== Segment start ==

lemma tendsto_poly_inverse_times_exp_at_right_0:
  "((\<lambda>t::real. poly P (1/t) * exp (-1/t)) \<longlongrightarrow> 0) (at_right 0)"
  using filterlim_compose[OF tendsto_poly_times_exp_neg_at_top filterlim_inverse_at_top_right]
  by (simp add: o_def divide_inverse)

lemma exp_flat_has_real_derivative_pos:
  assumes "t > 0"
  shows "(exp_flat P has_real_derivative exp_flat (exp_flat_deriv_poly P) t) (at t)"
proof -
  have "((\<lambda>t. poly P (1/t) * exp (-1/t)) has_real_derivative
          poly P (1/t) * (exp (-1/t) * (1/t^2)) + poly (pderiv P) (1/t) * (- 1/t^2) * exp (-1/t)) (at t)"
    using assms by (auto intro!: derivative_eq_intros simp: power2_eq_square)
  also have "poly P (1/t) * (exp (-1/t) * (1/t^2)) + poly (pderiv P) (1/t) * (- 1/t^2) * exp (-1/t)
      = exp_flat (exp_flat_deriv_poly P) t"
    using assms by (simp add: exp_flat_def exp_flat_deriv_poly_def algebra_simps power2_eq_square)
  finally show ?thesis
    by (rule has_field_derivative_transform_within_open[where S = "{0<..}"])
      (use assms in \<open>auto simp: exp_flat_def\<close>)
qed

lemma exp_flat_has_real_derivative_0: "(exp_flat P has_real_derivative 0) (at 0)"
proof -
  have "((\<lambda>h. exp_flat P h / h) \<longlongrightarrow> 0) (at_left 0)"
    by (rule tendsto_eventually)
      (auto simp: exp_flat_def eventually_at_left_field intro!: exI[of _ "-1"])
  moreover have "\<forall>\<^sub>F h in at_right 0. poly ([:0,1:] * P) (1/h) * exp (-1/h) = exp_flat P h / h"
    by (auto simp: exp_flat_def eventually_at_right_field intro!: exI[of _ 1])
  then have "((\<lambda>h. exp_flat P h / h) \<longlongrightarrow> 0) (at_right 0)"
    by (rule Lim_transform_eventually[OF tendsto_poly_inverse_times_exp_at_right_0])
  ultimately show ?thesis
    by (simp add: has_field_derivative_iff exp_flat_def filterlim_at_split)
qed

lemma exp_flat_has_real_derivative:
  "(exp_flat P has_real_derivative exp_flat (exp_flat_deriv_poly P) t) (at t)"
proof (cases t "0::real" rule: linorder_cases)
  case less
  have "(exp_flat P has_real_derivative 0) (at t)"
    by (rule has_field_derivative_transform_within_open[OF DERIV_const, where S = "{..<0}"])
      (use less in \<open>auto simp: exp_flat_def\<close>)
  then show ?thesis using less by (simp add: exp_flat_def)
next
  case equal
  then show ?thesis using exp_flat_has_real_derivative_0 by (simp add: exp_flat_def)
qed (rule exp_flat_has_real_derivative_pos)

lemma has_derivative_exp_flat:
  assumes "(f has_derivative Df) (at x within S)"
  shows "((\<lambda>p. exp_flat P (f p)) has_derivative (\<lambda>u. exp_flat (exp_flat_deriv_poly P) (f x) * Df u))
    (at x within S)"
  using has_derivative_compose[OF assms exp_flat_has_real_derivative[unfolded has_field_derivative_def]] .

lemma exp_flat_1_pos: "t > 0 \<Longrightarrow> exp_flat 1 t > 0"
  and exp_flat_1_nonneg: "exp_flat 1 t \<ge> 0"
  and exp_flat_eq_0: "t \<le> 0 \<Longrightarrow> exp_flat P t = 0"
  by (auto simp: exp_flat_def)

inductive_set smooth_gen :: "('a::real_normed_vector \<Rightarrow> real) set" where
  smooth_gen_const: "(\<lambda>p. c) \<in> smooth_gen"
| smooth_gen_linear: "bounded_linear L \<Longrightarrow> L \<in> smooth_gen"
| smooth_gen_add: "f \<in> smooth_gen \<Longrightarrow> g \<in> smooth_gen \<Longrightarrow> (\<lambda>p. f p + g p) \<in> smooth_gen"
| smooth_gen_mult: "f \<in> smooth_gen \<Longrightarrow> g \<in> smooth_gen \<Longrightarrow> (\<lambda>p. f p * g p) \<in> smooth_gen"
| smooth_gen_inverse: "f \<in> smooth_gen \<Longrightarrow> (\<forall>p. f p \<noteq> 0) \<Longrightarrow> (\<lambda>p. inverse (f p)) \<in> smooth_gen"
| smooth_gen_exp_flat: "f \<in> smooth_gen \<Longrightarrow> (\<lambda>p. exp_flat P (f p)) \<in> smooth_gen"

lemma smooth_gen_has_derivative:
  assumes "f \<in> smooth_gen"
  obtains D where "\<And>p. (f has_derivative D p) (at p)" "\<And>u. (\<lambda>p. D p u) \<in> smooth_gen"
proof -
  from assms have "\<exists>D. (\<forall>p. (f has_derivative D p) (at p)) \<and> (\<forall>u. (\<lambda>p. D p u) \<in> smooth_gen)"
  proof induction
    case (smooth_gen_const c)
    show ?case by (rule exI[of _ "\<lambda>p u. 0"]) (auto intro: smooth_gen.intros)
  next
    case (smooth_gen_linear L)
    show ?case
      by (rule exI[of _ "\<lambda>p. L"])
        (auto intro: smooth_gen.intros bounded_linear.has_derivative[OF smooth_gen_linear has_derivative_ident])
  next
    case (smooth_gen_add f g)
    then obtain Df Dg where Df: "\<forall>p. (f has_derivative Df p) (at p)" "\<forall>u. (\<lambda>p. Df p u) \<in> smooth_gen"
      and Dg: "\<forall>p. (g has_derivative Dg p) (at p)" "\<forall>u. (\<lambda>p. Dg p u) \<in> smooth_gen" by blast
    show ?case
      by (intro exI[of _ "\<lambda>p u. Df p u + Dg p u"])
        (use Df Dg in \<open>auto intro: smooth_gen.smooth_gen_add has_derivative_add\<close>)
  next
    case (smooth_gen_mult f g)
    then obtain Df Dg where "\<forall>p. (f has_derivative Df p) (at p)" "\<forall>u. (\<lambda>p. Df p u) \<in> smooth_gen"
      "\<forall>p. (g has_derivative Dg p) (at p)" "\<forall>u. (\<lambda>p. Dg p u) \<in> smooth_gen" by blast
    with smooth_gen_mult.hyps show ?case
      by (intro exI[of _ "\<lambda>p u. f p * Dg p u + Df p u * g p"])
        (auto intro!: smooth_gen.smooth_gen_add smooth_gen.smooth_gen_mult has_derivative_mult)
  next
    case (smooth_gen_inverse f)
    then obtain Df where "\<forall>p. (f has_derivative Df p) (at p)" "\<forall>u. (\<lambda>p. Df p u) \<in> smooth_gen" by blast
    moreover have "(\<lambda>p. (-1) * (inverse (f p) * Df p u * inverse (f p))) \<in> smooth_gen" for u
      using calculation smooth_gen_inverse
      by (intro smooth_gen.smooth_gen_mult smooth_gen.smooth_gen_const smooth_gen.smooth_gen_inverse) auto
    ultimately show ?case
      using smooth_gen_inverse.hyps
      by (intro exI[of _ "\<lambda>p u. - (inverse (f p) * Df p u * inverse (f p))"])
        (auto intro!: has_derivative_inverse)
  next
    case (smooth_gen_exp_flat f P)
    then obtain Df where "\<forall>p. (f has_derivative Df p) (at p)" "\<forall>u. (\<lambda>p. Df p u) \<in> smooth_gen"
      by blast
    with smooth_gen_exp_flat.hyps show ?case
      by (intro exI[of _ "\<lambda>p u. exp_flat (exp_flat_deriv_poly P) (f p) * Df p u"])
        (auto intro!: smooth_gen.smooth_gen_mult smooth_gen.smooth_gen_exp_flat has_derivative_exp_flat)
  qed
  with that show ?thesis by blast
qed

== Segment end ==

WORK TO COMPLETE :: Scan the material above for lines holding "moreover" and copy each of them.

RESULT ::
  moreover have "\<forall>\<^sub>F h in at_right 0. poly ([:0,1:] * P) (1/h) * exp (-1/h) = exp_flat P h / h"
    moreover have "(\<lambda>p. (-1) * (inverse (f p) * Df p u * inverse (f p))) \<in> smooth_gen" for u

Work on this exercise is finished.